What is the PTFE Knee?

For many years, Polytetraflouroethylene (PTFE), or Teflon™ has been widely used in coaxial lines and is considered the best dielectric material due to its low attenuation and excellent electrical and mechanical properties. As the market demanded enhanced performance at increasing frequencies, the manufacturing technologies of PTFE dielectrics started to evolve to achieve the lowest dielectric constant (εr) by striving for maximal air content and unsintered PTFE. The low density PTFE offered an even lower attenuation and increased velocity of propagation (vp).

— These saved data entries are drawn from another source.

lemma ann_lift_annihilator:
  assumes p: "p \<in> annihilator Y"
  shows "ann_lift p = p"
proof -
  have "p $ j = - (\<Sum>l\<in>-I. p$l * e j $ l)" if "j \<in> I" for j
  proof -
    have "0 = pairing p (e j)" using p basis_in unfolding annihilator_def by auto
    also have "\<dots> = (\<Sum>l\<in>I. p$l * e j $ l) + (\<Sum>l\<in>-I. p$l * e j $ l)"
      unfolding pairing_def by (rule sum_UNIV_Compl_split)
    also have "(\<Sum>l\<in>I. p$l * e j $ l) = p $ j"
      using \<open>j \<in> I\<close> by (simp add: basis_nth if_distrib cong: if_cong)
    finally show ?thesis by (simp add: eq_neg_iff_add_eq_0)
  qed
  then show ?thesis unfolding ann_lift_def by (auto simp: vec_eq_iff)
qed

lemma ann_lift_cong: "(\<forall>l. l \<notin> I \<longrightarrow> c$l = d$l) \<Longrightarrow> ann_lift c = ann_lift d"
  unfolding ann_lift_def by (auto simp: vec_eq_iff)

lemma ann_lift_nth_outside: "j \<notin> I \<Longrightarrow> ann_lift c $ j = c $ j"
  unfolding ann_lift_def by simp

lemma scalar_holo_at_ann_lift: "scalar_holo_at (\<lambda>x. ann_lift x $ j) x"
  unfolding ann_lift_def
  by (cases "j \<in> I")
     (auto intro!: scalar_holo_at_minus scalar_holo_at_sum scalar_holo_at_mult
        scalar_holo_at_nth scalar_holo_at_const)
text \<open>
  Raising one's effort lowers the grade of everybody else, but the game has strategic
  complements. If the others exert total effort \<open>T\<close>, player \<open>i\<close> faces the payoff
  \<open>G(T,t)^\<alpha> (1 - t)^(1 - \<alpha>)\<close> with \<open>G(T,t) = t + max (m - (t + T)/n) 0\<close>, and \<open>G\<close> is
  log-supermodular in \<open>(t,T)\<close>: it is nondecreasing in \<open>t\<close>, nonincreasing in \<open>T\<close>, and the
  convexity of \<open>max _ 0\<close> makes its decrease in \<open>T\<close> smaller for larger \<open>t\<close>. By Topkis'
  argument the largest and the smallest best replies are therefore nondecreasing in \<open>T\<close>,
  hence nondecreasing self-maps of the box \<open>[0,1]\<^sup>n\<close>. Tarski's construction (the supremum
  of all profiles below their image, the infimum of all profiles above it) yields
  the greatest and the least equilibrium.
\<close>

definition maximizers :: "('a \<Rightarrow> real) \<Rightarrow> 'a set \<Rightarrow> 'a set" where
  "maximizers f S = {t \<in> S. \<forall>s\<in>S. f s \<le> f t}"

lemma
  fixes f :: "real \<Rightarrow> real"
  assumes "compact S" "S \<noteq> {}" "continuous_on S f"
  shows Sup_maximizers_mem: "Sup (maximizers f S) \<in> maximizers f S"
    and Inf_maximizers_mem: "Inf (maximizers f S) \<in> maximizers f S"
proof -
  obtain t0 where t0: "t0 \<in> S" "\<forall>s\<in>S. f s \<le> f t0"
    using continuous_attains_sup[OF assms] by blast
  have eq: "maximizers f S = S \<inter> f -` {f t0..}"
    unfolding maximizers_def using t0 by force
  have "closed (maximizers f S)"
    unfolding eq using assms by (intro continuous_closed_preimage) (auto intro: compact_imp_closed)
  moreover have "maximizers f S \<noteq> {}" "bounded (maximizers f S)"
    using t0 compact_imp_bounded[OF assms(1)] unfolding eq by (auto intro: bounded_subset)
  ultimately show "Sup (maximizers f S) \<in> maximizers f S" "Inf (maximizers f S) \<in> maximizers f S"
    by (auto intro!: closed_contains_Sup closed_contains_Inf bounded_imp_bdd_above bounded_imp_bdd_below)
qed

Another method used tape-wrapping technology, instead of the typical extrusion process, to offer a more phase stable material.

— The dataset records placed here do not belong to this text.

(* Let $2\le m\le n\le\ell<(m-1)(n-1)+1$. Then every typical rank of real $m\times n\times\ell$ tensors is at least $\ell+1$.
   Context: An integer $r>0$ is a typical rank for the format $m\times n\times\ell$ if $\Pr\{\mathrm{rank}(T)=r\}>0$ for a tensor $T\in\mathbb R^{m\times n\times\ell}$ with i.i.d. standard Gaussian entries; rank is the minimal number of rank-one tensors $a\otimes b\otimes c$ summing to $T$. *)

theory Defs
  imports "HOL-Probability.Probability"
begin

text \<open>Real m x n x l tensors are functions on index triples; only the entries
  with indices in {..<m} x {..<n} x {..<l} matter.\<close>

definition tensor_rank :: "nat \<Rightarrow> nat \<Rightarrow> nat \<Rightarrow> (nat \<times> nat \<times> nat \<Rightarrow> real) \<Rightarrow> nat" where
  "tensor_rank m n l T =
     (LEAST r. \<exists>(a::nat \<Rightarrow> nat \<Rightarrow> real) (b::nat \<Rightarrow> nat \<Rightarrow> real) (c::nat \<Rightarrow> nat \<Rightarrow> real).
        \<forall>i<m. \<forall>j<n. \<forall>k<l. T (i, j, k) = (\<Sum>s<r. a s i * b s j * c s k))"

definition gaussian_tensor_measure :: "nat \<Rightarrow> nat \<Rightarrow> nat \<Rightarrow> (nat \<times> nat \<times> nat \<Rightarrow> real) measure" where
  "gaussian_tensor_measure m n l =
     PiM ({..<m} \<times> {..<n} \<times> {..<l}) (\<lambda>_. density lborel std_normal_density)"

definition typical_rank :: "nat \<Rightarrow> nat \<Rightarrow> nat \<Rightarrow> nat \<Rightarrow> bool" where
  "typical_rank m n l r \<longleftrightarrow> r > 0 \<and>
     measure (gaussian_tensor_measure m n l)
       {T \<in> space (gaussian_tensor_measure m n l). tensor_rank m n l T = r} > 0"

end

theory Submission
  imports Defs
begin

text \<open>A tensor of rank at most \<open>l\<close> is a sum \<open>\<Sum>s<l. a\<^sub>s \<otimes> b\<^sub>s \<otimes> c\<^sub>s\<close> in which every
  \<open>a\<^sub>s\<close> and \<open>b\<^sub>s\<close> may be rescaled to have largest entry \<open>1\<close>, so these tensors are described by
  \<open>p = l((m-1)+(n-1)+l)\<close> real parameters, fewer than the \<open>mnl\<close> entries when
  \<open>l < (m-1)(n-1)+1\<close>. Bounding the \<open>c\<^sub>s\<close> by \<open>R\<close> and rounding all parameters to the grid
  \<open>\<int>/k\<close> covers these tensors by \<open>O(k\<^sup>p)\<close> cubes of side \<open>O(1/k)\<close>, whose total Gaussian
  measure is \<open>O(1/k)\<close> since the standard normal density is at most \<open>1\<close>. Taking the union over
  \<open>R\<close>, almost every Gaussian tensor has rank greater than \<open>l\<close>.\<close>

abbreviation std_normal :: "real measure" where
  "std_normal \<equiv> density lborel std_normal_density"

Even after the tremendous advancements in PTFE manufacturing technology, the one limiting factor of PTFE was not resolved. At approximately 18°C, PTFE undergoes a structural transition altering the dielectric constant of the material and resulting in a substantial change in the delay of the transmitted signal. This non-linear phenomenon, known as the Teflon™ Knee [See Figure 1], is a property of the molecular structure of the PTFE material and cannot be eliminated regardless of advancements in dielectric manufacturing technology. Coaxial cable manufacturers have made many efforts to minimize this effect while designers of phased array radar systems have been struggling to overcome the Teflon™ Knee due to the lack of options.

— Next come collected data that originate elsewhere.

lemma cond_mutual_info_bf_inputs_ge:
  assumes "0 < L" "S \<subseteq> {..<N}"
  shows "measure_pmf.expectation (bf_inputs N L K)
           (\<lambda>x. log 2 (card (zero_positions L ({..<N} - S) x) choose card (zero_positions L {..<N} x)))
       \<le> cond_mutual_info (bf_inputs N L K) (\<lambda>x. restrict x S) (\<lambda>x. or_output N x)
           (\<lambda>x. restrict x ({..<N} - S))"
proof (rule cond_mutual_info_ge_expectation[OF finite_set_pmf_bf_inputs[OF assms(1)]])
  fix x x' :: "nat \<Rightarrow> nat \<Rightarrow> bool"
  assume on_S: "restrict x S = restrict x' S"
    and off_S: "restrict x ({..<N} - S) = restrict x' ({..<N} - S)"
  have "x n = x' n" if "n < N" for n
    using fun_cong[OF on_S, of n] fun_cong[OF off_S, of n] that
    by (cases "n \<in> S") auto
  then show "or_output N x = or_output N x'"
    by (auto simp: or_output_def fun_eq_iff)
next
  fix x
  have "zero_positions L {..<N} x \<subseteq> zero_positions L ({..<N} - S) x"
    by (rule zero_positions_antimono) blast
  then have "card (zero_positions L {..<N} x) \<le> card (zero_positions L ({..<N} - S) x)"
    by (rule card_mono[rotated]) (simp add: zero_positions_def)
  then show "0 < real (card (zero_positions L ({..<N} - S) x) choose card (zero_positions L {..<N} x))"
    by simp
next
  fix x assume "x \<in> set_pmf (bf_inputs N L K)"
  then show "pmf (map_pmf (\<lambda>w. (or_output N w, restrict w ({..<N} - S))) (bf_inputs N L K))
          (or_output N x, restrict x ({..<N} - S))
        * real (card (zero_positions L ({..<N} - S) x) choose card (zero_positions L {..<N} x))
      \<le> pmf (map_pmf (\<lambda>w. restrict w ({..<N} - S)) (bf_inputs N L K)) (restrict x ({..<N} - S))"
    by (rule pmf_cond_or_output_mult_choose_le[OF assms(1) Diff_subset])
qed

section \<open>Concentration of the zero positions\<close>

definition zero_prob :: "nat \<Rightarrow> (nat \<Rightarrow> nat \<Rightarrow> nat) \<Rightarrow> nat set \<Rightarrow> real" where
  "zero_prob L K M = (\<Prod>n\<in>M. ((real L - 1) / L) ^ K n L)"

lemma zero_prob_bounds: "0 < L \<Longrightarrow> 0 \<le> zero_prob L K M \<and> zero_prob L K M \<le> 1"
  unfolding zero_prob_def by (auto intro!: prod_nonneg prod_le_1 power_le_one)

lemma card_zero_positions_eq_sum:
  "real (card (zero_positions L M x)) = (\<Sum>i\<in>{0..<L}. indicator {x. \<forall>n\<in>M. \<not> x n i} x)"
  by (simp add: zero_positions_def indicator_def sum.If_cases Int_def)

lemma expectation_card_zero_positions:
  assumes "0 < L" "M \<subseteq> {..<N}"
  shows "measure_pmf.expectation (bf_inputs N L K) (\<lambda>x. real (card (zero_positions L M x)))
       = L * zero_prob L K M"
proof -
  have "measure_pmf.expectation (bf_inputs N L K) (\<lambda>x. real (card (zero_positions L M x)))
      = (\<Sum>i\<in>{0..<L}. measure_pmf.prob (bf_inputs N L K) {x. \<forall>n\<in>M. \<not> x n i})"
    unfolding card_zero_positions_eq_sum
    by (simp add: Bochner_Integration.integral_sum integrable_measure_pmf_finite
        finite_set_pmf_bf_inputs[OF assms(1)])
  also have "\<dots> = (\<Sum>i\<in>{0..<L}. zero_prob L K M)"
  proof (rule sum.cong[OF refl])
    fix i assume "i \<in> {0..<L}"
    then show "measure_pmf.prob (bf_inputs N L K) {x. \<forall>n\<in>M. \<not> x n i} = zero_prob L K M"
      using prob_bf_inputs_avoid[OF assms(1) _ assms(2), of "{i}" K] by (simp add: zero_prob_def)
  qed
  also have "\<dots> = L * zero_prob L K M"
    by simp
  finally show ?thesis .
qed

Figure 1 – Relative Phase Change (ppm) vs. Temperature (°C) for low density PTFE (76% vp)

In a typical microwave coaxial cable, the inner and outer conductors are separated by a polymer dielectric, and they all are encapsulated by a polymer jacket as shown in the Figure below. 

The speed of a signal traveling through a coaxial cable depends on the dielectric constant of the insulating material between the center conductor and the outer conductor. Thus, cable assemblies use poly-tetrafluoro-ethylene (PTFE, a.k.a. Teflon™) or expanded PTFE (e-PTFE) as the dielectric, to minimize signal delay. But PTFE undergoes dimensional changes with temperature that can be measured via a thermo-mechanical analysis (TMA).

If we see the typical TMA curve for unconstrained, solid PTFE, at approximately 19°C there is a dramatic change in the dimensions of PTFE due to a change in the crystal structure. The crystals rearrange themselves in a structure that is more energetically favorable. 

This drastic change can be seen in the phase versus temperature curve of a PTFE cable assembly (See image belwo) and is commonly known as the “Teflon™ Knee” or PTFE Knee.